◆ TASK GOAL
Reproduce, from the lines below, exactly the stretch that begins at the line containing "define \<beta> where" and ends at the line containing "define umin where", both included.

◆ EXERCISE INPUT
lemma restrict_rows_hprod:
  "restrict_rows e a K (hprod sm a f g) = hprod sm a (restrict_rows e a K f) g"
proof
  fix w
  show "restrict_rows e a K (hprod sm a f g) w = hprod sm a (restrict_rows e a K f) g w"
  proof (cases "ro e a w \<in> K")
    case True
    then show ?thesis
      unfolding restrict_rows_def by (auto intro!: hprod_cong dest: coord_basis_mult_nonzero)
  next
    case False
    then have "hprod sm a (restrict_rows e a K f) g w = hprod sm a (\<lambda>_. 0) g w"
      unfolding restrict_rows_def by (auto intro!: hprod_cong dest: coord_basis_mult_nonzero)
    with False show ?thesis by (simp add: restrict_rows_def hprod_def prod_pairs_def)
  qed
qed

lemma restrict_cols_hprod:
  "restrict_cols e a K (hprod sm a f g) = hprod sm a f (restrict_cols e a K g)"
proof
  fix w
  show "restrict_cols e a K (hprod sm a f g) w = hprod sm a f (restrict_cols e a K g) w"
  proof (cases "co e a w \<in> K")
    case True
    then show ?thesis
      unfolding restrict_cols_def by (auto intro!: hprod_cong dest: coord_basis_mult_nonzero)
  next
    case False
    then have "hprod sm a f (restrict_cols e a K g) w = hprod sm a f (\<lambda>_. 0) w"
      unfolding restrict_cols_def by (auto intro!: hprod_cong dest: coord_basis_mult_nonzero)
    with False show ?thesis by (simp add: restrict_cols_def hprod_def prod_pairs_def)
  qed
qed

lemma hprod_restrict_rows_right:
  assumes "\<And>s. f s \<noteq> 0 \<Longrightarrow> co e a s \<in> K"
  shows "hprod sm a f (restrict_rows e a K g) = hprod sm a f g"
  using assms coord_basis_mult_nonzero(3)
  by (intro ext hprod_cong) (auto simp: restrict_rows_def)

lemma hprod_restrict_cols_left:
  assumes "\<And>t. g t \<noteq> 0 \<Longrightarrow> ro e a t \<in> K"
  shows "hprod sm a (restrict_cols e a K f) g = hprod sm a f g"
  using assms coord_basis_mult_nonzero(3)[symmetric]
  by (intro ext hprod_cong) (auto simp: restrict_cols_def)

lemma hprod_in_dagA:
  assumes f: "f \<in> dagA e a" and g: "g \<in> dagA e a"
  shows "hprod sm a f g \<in> dagA e a"
  unfolding dagA_def
proof (intro CollectI allI)
  fix i
  define f1 where "f1 = restrict_rows e a {i} f"
  define g1 where "g1 = restrict_rows e a (co e a ` {s. f1 s \<noteq> 0}) g"
  have f1: "finite {s. f1 s \<noteq> 0}" using f by (simp add: f1_def finite_support_restrict_rows)
  then have g1: "finite {t. g1 t \<noteq> 0}" using g by (simp add: g1_def finite_support_restrict_rows)
  have "hprod sm a f1 g1 = hprod sm a f1 g"
    unfolding g1_def by (rule hprod_restrict_rows_right) auto
  then have "J_left e a (hprod sm a f g) i = {w. hprod sm a f1 g1 w \<noteq> 0}"
    by (simp add: J_left_eq_support restrict_rows_hprod f1_def)
  then show "finite (J_left e a (hprod sm a f g) i)"
    using finite_support_hprod[OF f1 g1] by simp
qed

lemma hprod_in_Adag:
  assumes f: "f \<in> Adag e a" and g: "g \<in> Adag e a"
  shows "hprod sm a f g \<in> Adag e a"
  unfolding Adag_def
proof (intro CollectI allI)
  fix i
  define g1 where "g1 = restrict_cols e a {i} g"
  define f1 where "f1 = restrict_cols e a (ro e a ` {t. g1 t \<noteq> 0}) f"
  have g1: "finite {t. g1 t \<noteq> 0}" using g by (simp add: g1_def finite_support_restrict_cols)
  then have f1: "finite {s. f1 s \<noteq> 0}" using f by (simp add: f1_def finite_support_restrict_cols)
  have "hprod sm a f1 g1 = hprod sm a f g1"
    unfolding f1_def by (rule hprod_restrict_cols_left) auto
  then have "J_right e a (hprod sm a f g) i = {w. hprod sm a f1 g1 w \<noteq> 0}"
    by (simp add: J_right_eq_support restrict_cols_hprod g1_def)
  then show "finite (J_right e a (hprod sm a f g) i)"
    using finite_support_hprod[OF f1 g1] by simp
qed

lemma hprod_assoc_dagA:
  assumes f: "f \<in> dagA e a" and g: "g \<in> dagA e a" and h: "h \<in> dagA e a"
  shows "hprod sm a (hprod sm a f g) h u = hprod sm a f (hprod sm a g h) u"
proof -
  \<comment> \<open>Only row ro u of f, the rows K1 of g reached from it and the rows K2 of h reached from
    those contribute to the u-coefficient of either side.\<close>
  define f1 where "f1 = restrict_rows e a {ro e a u} f"
  define K1 where "K1 = co e a ` {s. f1 s \<noteq> 0}"
  define g1 where "g1 = restrict_rows e a K1 g"
  define K2 where "K2 = co e a ` {t. g1 t \<noteq> 0}"
  define h1 where "h1 = restrict_rows e a K2 h"
  have f1: "finite {s. f1 s \<noteq> 0}" using f by (simp add: f1_def finite_support_restrict_rows)
  then have g1: "finite {t. g1 t \<noteq> 0}" using g by (simp add: K1_def g1_def finite_support_restrict_rows)
  then have h1: "finite {v. h1 v \<noteq> 0}" using h by (simp add: K2_def h1_def finite_support_restrict_rows)
  have row_u: "hprod sm a F G u = hprod sm a (restrict_rows e a {ro e a u} F) G u" for F G
  proof -
    have "hprod sm a F G u = restrict_rows e a {ro e a u} (hprod sm a F G) u"
      by (simp add: restrict_rows_def)
    then show ?thesis by (simp add: restrict_rows_hprod)
  qed
  have trunc_g: "hprod sm a f1 (restrict_rows e a K1 G) = hprod sm a f1 G" for G
    unfolding K1_def by (rule hprod_restrict_rows_right) auto
  have trunc_h: "hprod sm a F h1 = hprod sm a F h" if "\<And>w. F w \<noteq> 0 \<Longrightarrow> co e a w \<in> K2" for F
    unfolding h1_def by (rule hprod_restrict_rows_right) (use that in auto)
  have "hprod sm a (hprod sm a f g) h u = hprod sm a (hprod sm a f1 g1) h u"
    using row_u[of "hprod sm a f g" h] by (simp add: restrict_rows_hprod trunc_g f1_def[symmetric] g1_def)
  also have "\<dots> = hprod sm a (hprod sm a f1 g1) h1 u"
  proof -
    have "co e a w \<in> K2" if "hprod sm a f1 g1 w \<noteq> 0" for w
      using hprod_nonzero_support(2)[OF that] unfolding K2_def
      by (metis (mono_tags, lifting) image_eqI mem_Collect_eq)
    then show ?thesis by (simp add: trunc_h)
  qed
  also have "\<dots> = hprod sm a f1 (hprod sm a g1 h1) u"
    by (simp add: hprod_assoc_finite_support[OF f1 g1 h1])
  also have "\<dots> = hprod sm a f1 (hprod sm a g1 h) u"
    by (subst trunc_h) (auto simp: K2_def)
  also have "\<dots> = hprod sm a f (hprod sm a g h) u"
    using row_u[of f "hprod sm a g h"] by (simp add: g1_def trunc_g flip: f1_def restrict_rows_hprod)
  finally show ?thesis .
qed
lemma smooth_nabla: "smooth_on U X \<Longrightarrow> smooth_on U Y \<Longrightarrow> smooth_on U (nabla X Y)"
  and torsion_free: "smooth_on U X \<Longrightarrow> smooth_on U Y \<Longrightarrow> p \<in> U
    \<Longrightarrow> nabla X Y p - nabla Y X p = lie X Y p"
  and metric_compatible: "smooth_on U X \<Longrightarrow> smooth_on U Y \<Longrightarrow> smooth_on U Z \<Longrightarrow> p \<in> U
    \<Longrightarrow> vderiv X (\<lambda>q. g q (Y q) (Z q)) p = g p (nabla X Y p) (Z p) + g p (Y p) (nabla X Z p)"
  using levi_civita by (auto simp: levi_civita_def)

lemma nabla_eq_0_if_vanishing:
  assumes X: "smooth_on U X" and Y: "smooth_on U Y" and Y0: "\<And>q. q \<in> U \<Longrightarrow> Y q = 0"
    and p: "p \<in> U"
  shows "nabla X Y p = 0"
proof (rule metric_nondegenerate[OF p])
  fix Z :: "'a \<Rightarrow> 'a" assume Z: "smooth_on U Z"
  have "vderiv X (\<lambda>q. g q (Y q) (Z q)) p = 0"
    using p Y0 by (intro vderiv_const_on[OF open_U]) simp_all
  then show "g p (nabla X Y p) (Z p) = 0"
    using metric_compatible[OF X Y Z p] p Y0 by simp
qed

lemma nabla_eta_eq_metric:
  assumes X: "smooth_on U X" and Y: "smooth_on U Y" and p: "p \<in> U"
  shows "nabla_eta nabla eta X Y p = g p (nabla X xi p) (Y p)"
proof -
  have "vderiv X (\<lambda>q. eta q (Y q)) p = vderiv X (\<lambda>q. g q (xi q) (Y q)) p"
    using p by (intro vderiv_cong_open[OF open_U]) (simp_all add: metric_xi_left)
  also have "\<dots> = g p (nabla X xi p) (Y p) + eta p (nabla X Y p)"
    using metric_compatible[OF X smooth_xi Y p] p by (simp add: metric_xi_left)
  finally show ?thesis by (simp add: nabla_eta_def)
qed

lemma metric_nabla_xi_xi:
  assumes X: "smooth_on U X" and p: "p \<in> U"
  shows "g p (nabla X xi p) (xi p) = 0"
proof -
  have "vderiv X (\<lambda>q. g q (xi q) (xi q)) p = 0"
    using p by (intro vderiv_const_on[OF open_U, where c = 1]) (simp_all add: metric_xi_left eta_xi)
  then show ?thesis
    using metric_compatible[OF X smooth_xi smooth_xi p] metric_sym[OF p, of "xi p"] by simp
qed

lemma nabla_phi_xi:
  assumes X: "smooth_on U X" and p: "p \<in> U"
  shows "nabla_phi nabla phi X xi p = - phi p (nabla X xi p)"
  using nabla_eq_0_if_vanishing[OF X smooth_phi_apply[OF smooth_xi] phi_xi p]
  by (simp add: nabla_phi_def)

lemma lie_g_xi_xi:
  assumes Z: "smooth_on U Z" and p: "p \<in> U"
  shows "lie_g g xi xi Z p = g p (nabla xi xi p) (Z p)"
proof -
  have "lie xi Z p = nabla xi Z p - nabla Z xi p"
    using torsion_free[OF smooth_xi Z p] by simp
  then have "g p (xi p) (lie xi Z p) = g p (xi p) (nabla xi Z p)"
    using bilinear_metric[OF p] metric_nabla_xi_xi[OF Z p] metric_sym[OF p, of "xi p"]
    by (simp add: bilinear_lsub)
  then show ?thesis
    using metric_compatible[OF smooth_xi smooth_xi Z p] p by (simp add: lie_g_def lie_def)
qed
lemma enorm_blk_Lhat_min_norm_le_inactive:
  fixes G :: "nat \<Rightarrow> nat set"
  assumes cover: "(\<Union>i\<in>{..<N}. G i) = {0..<n}" and w_pos: "\<forall>i<N. w i > 0"
    and t: "t < N" and inactive: "subv x (G t) = 0\<^sub>v (card (G t))"
    and b: "b \<in> carrier_vec n"
    and inv: "invertible_mat ((Lhat n N G w x)\<^sup>T * Lhat n N G w x)"
  shows "enorm (blk G (Lhat_min_norm n N G w x b) t) \<le> enorm (subv b (G t)) / w t"
proof -
  have wt: "w t > 0" using w_pos t by simp
  have "enorm (blk G (Lhat_min_norm n N G w x b) t)
      = sqrt (\<Sum>k<card (G t). (Lhat_min_norm n N G w x b $ (off G t + k))\<^sup>2)"
    by (simp add: blk_def enorm_vec)
  also have "\<dots> \<le> sqrt (\<Sum>k<card (G t). (b $ gelem (G t) k / w t)\<^sup>2)"
    using Lhat_min_norm_index_inactive[OF cover w_pos t inactive _ b inv]
    by (intro real_sqrt_le_mono sum_mono) (simp add: abs_le_square_iff del: abs_divide)
  also have "\<dots> = enorm (subv b (G t)) / w t"
    using wt finite_group[OF cover t] sum_gelem[of "G t" "\<lambda>j. (b $ j / w t)\<^sup>2"]
    by (simp add: enorm_subv power_divide sum_divide_distrib[symmetric] real_sqrt_divide)
  finally show ?thesis .
qed

theorem proposition3p7:
  fixes n N m :: nat and G :: "nat \<Rightarrow> nat set" and w :: "nat \<Rightarrow> real"
    and A :: "real mat" and y xs :: "real vec" and lam :: real
  assumes groups_nonempty: "\<forall>i<N. G i \<noteq> {}"
    and groups_cover: "(\<Union>i\<in>{..<N}. G i) = {0..<n}"
    and weights_pos: "\<forall>i<N. w i > 0"
    and A_dim: "A \<in> carrier_mat m n"
    and y_dim: "y \<in> carrier_vec m"
    and lam_pos: "lam > 0"
    and xs_dim: "xs \<in> carrier_vec n"
    and xs_min: "\<forall>x \<in> carrier_vec n. objective A y lam n N G w xs \<le> objective A y lam n N G w x"
    and Lhat_inv: "invertible_mat ((Lhat n N G w xs)\<^sup>T * Lhat n N G w xs)"
  shows "let \<beta> = (- 1 / lam) \<cdot>\<^sub>v (A\<^sup>T *\<^sub>v (A *\<^sub>v xs - y));
             Lh = Lhat n N G w xs;
             umin = Lh *\<^sub>v (the (mat_inverse (Lh\<^sup>T * Lh)) *\<^sub>v \<beta>);
             udag = vec (pdim N G) (\<lambda>r. let t = blkidx N G r in
                      if subv xs (G t) = 0\<^sub>v (card (G t)) then umin $ r
                      else xs $ gelem (G t) (r - off G t) / enorm (subv xs (G t)))
         in \<forall>t<N. enorm (blk G udag t) \<le> enorm (subv \<beta> (G t)) / w t"
proof -
  define \<beta> where "\<beta> = (- 1 / lam) \<cdot>\<^sub>v (A\<^sup>T *\<^sub>v (A *\<^sub>v xs - y))"
  define Lh where "Lh = Lhat n N G w xs"
  define umin where "umin = Lh *\<^sub>v (the (mat_inverse (Lh\<^sup>T * Lh)) *\<^sub>v \<beta>)"
  define udag where "udag = vec (pdim N G) (\<lambda>r. let t = blkidx N G r in
                      if subv xs (G t) = 0\<^sub>v (card (G t)) then umin $ r
                      else xs $ gelem (G t) (r - off G t) / enorm (subv xs (G t)))"
  have "enorm (blk G udag t) \<le> enorm (subv \<beta> (G t)) / w t" if t: "t < N" for t
  proof (cases "subv xs (G t) = 0\<^sub>v (card (G t))")
    case True
    have "\<beta> \<in> carrier_vec n" using A_dim y_dim xs_dim by (simp add: \<beta>_def)
    moreover have "blk G udag t = blk G umin t"
      using t True by (auto simp: udag_def blk_def off_add_less_pdim blkidx_off_add)
    ultimately show ?thesis
      using enorm_blk_Lhat_min_norm_le_inactive[OF groups_cover weights_pos t True _ Lhat_inv]
      by (simp add: umin_def Lh_def Lhat_min_norm_def)
  next
    case False
    have "blk G udag t = vec (card (G t)) (\<lambda>k. xs $ gelem (G t) k / enorm (subv xs (G t)))"
      using t False by (auto simp: udag_def blk_def off_add_less_pdim blkidx_off_add)
    then have "enorm (blk G udag t) = 1"
      using enorm_normalized_subv[OF finite_group[OF groups_cover t] False] by simp
    moreover have "w t \<le> enorm (subv \<beta> (G t))"
      unfolding \<beta>_def using t False
      by (rule weight_le_enorm_subv_active[OF groups_cover weights_pos A_dim y_dim lam_pos xs_dim xs_min])
    ultimately show ?thesis using weights_pos t by simp
  qed
  then show ?thesis
    unfolding Let_def \<beta>_def[symmetric] Lh_def[symmetric] umin_def[symmetric]
      udag_def[unfolded Let_def, symmetric]
    by blast
qed
lemma regularized_cov_pos_def:
  fixes h0 h1 x :: "real^'n"
  assumes "c1\<^sup>2 \<le> \<sigma>0\<^sup>2 * \<sigma>1\<^sup>2" "\<sigma>n \<noteq> 0" "l \<ge> 0" "x \<noteq> 0"
  shows "0 < x \<bullet> ((cov_R \<sigma>0 \<sigma>1 \<sigma>n c1 h0 h1 + l *\<^sub>R outer h1 h1) *v x)"
proof -
  have "0 \<le> \<sigma>0\<^sup>2 * (h0 \<bullet> x)\<^sup>2 + \<sigma>1\<^sup>2 * (h1 \<bullet> x)\<^sup>2 + 2 * c1 * (h0 \<bullet> x) * (h1 \<bullet> x)"
    using assms(1) by (rule correlated_quadratic_nonneg)
  moreover have "0 \<le> l * (h1 \<bullet> x)\<^sup>2" "0 < \<sigma>n\<^sup>2 * (x \<bullet> x)"
    using assms(2-4) by simp_all
  ultimately show ?thesis
    unfolding regularized_cov_quadratic_form by (simp add: algebra_simps)
qed

lemma pos_def_invertible:
  fixes A :: "real^'n^'n"
  assumes "\<And>x. x \<noteq> 0 \<Longrightarrow> 0 < x \<bullet> (A *v x)"
  shows "invertible A"
  unfolding invertible_left_inverse matrix_left_invertible_ker
  using assms by fastforce

lemma normalized_inverse_column_2:
  fixes A :: "real^2^2"
  assumes "invertible A" "A$1$1 \<noteq> 0"
  defines "e \<equiv> vector [0, 1] :: real^2"
  shows "(1 / (e \<bullet> (matrix_inv A *v e))) *\<^sub>R (matrix_inv A *v e) = vector [- A$1$2 / A$1$1, 1]"
proof -
  define u where "u = matrix_inv A *v e"
  have "A *v u = e"
    unfolding u_def matrix_vector_mul_assoc matrix_inv_right[OF assms(1)] by simp
  then have eq1: "A$1$1 * u$1 + A$1$2 * u$2 = 0" and eq2: "A$2$1 * u$1 + A$2$2 * u$2 = 1"
    by (auto simp: vec_eq_iff forall_2 matrix_vector_mult_def sum_2 e_def)
  have u2: "u$2 \<noteq> 0"
    using eq1 eq2 assms(2) by auto
  have "u$1 = - A$1$2 * u$2 / A$1$1"
    using eq1 assms(2) by (simp add: field_simps)
  moreover have "e \<bullet> u = u$2"
    by (simp add: inner_vec_def sum_2 e_def)
  ultimately show ?thesis
    unfolding u_def[symmetric] using u2 by (simp add: vec_eq_iff forall_2)
qed

lemma w_RZF_2d:
  fixes C S :: real
  assumes "c1\<^sup>2 \<le> \<sigma>0\<^sup>2 * \<sigma>1\<^sup>2" "\<sigma>n \<noteq> 0" "l \<ge> 0"
  defines "h0 \<equiv> vector [0, 1] :: real^2" and "h1 \<equiv> vector [C, S] :: real^2"
  shows "w_RZF (cov_R \<sigma>0 \<sigma>1 \<sigma>n c1 h0 h1) h0 h1 l =
    vector [- (C * ((\<sigma>1\<^sup>2 + l) * S + c1)) / ((\<sigma>1\<^sup>2 + l) * C\<^sup>2 + \<sigma>n\<^sup>2), 1]"
proof -
  define A where "A = cov_R \<sigma>0 \<sigma>1 \<sigma>n c1 h0 h1 + l *\<^sub>R outer h1 h1"
  have A11: "A$1$1 = (\<sigma>1\<^sup>2 + l) * C\<^sup>2 + \<sigma>n\<^sup>2"
    and A12: "A$1$2 = C * ((\<sigma>1\<^sup>2 + l) * S + c1)"
    by (simp_all add: A_def cov_R_def outer_def h0_def h1_def mat_def power2_eq_square algebra_simps)
  have "invertible A"
    unfolding A_def by (rule pos_def_invertible, rule regularized_cov_pos_def) (use assms in auto)
  moreover have "A$1$1 > 0"
    unfolding A11 using assms(2,3) by (intro add_nonneg_pos mult_nonneg_nonneg) auto
  ultimately show ?thesis
    using normalized_inverse_column_2[of A]
    unfolding w_RZF_def Let_def A_def[symmetric] A11 A12 by (simp add: h0_def)
qed

lemma J_MSE_2d:
  "J_MSE \<sigma>0 \<sigma>1 \<sigma>n c1 (vector [0, 1]) (vector [C, S]) (vector [x, 1] :: real^2)
     = \<sigma>1\<^sup>2 * (x * C + S)\<^sup>2 + \<sigma>n\<^sup>2 * (x\<^sup>2 + 1)"
  by (simp add: J_MSE_def cov_R_def outer_def mat_def inner_vec_def sum_2 matrix_vector_mult_def
      power2_eq_square algebra_simps)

◆ RESPONSE
  define \<beta> where "\<beta> = (- 1 / lam) \<cdot>\<^sub>v (A\<^sup>T *\<^sub>v (A *\<^sub>v xs - y))"
  define Lh where "Lh = Lhat n N G w xs"
  define umin where "umin = Lh *\<^sub>v (the (mat_inverse (Lh\<^sup>T * Lh)) *\<^sub>v \<beta>)"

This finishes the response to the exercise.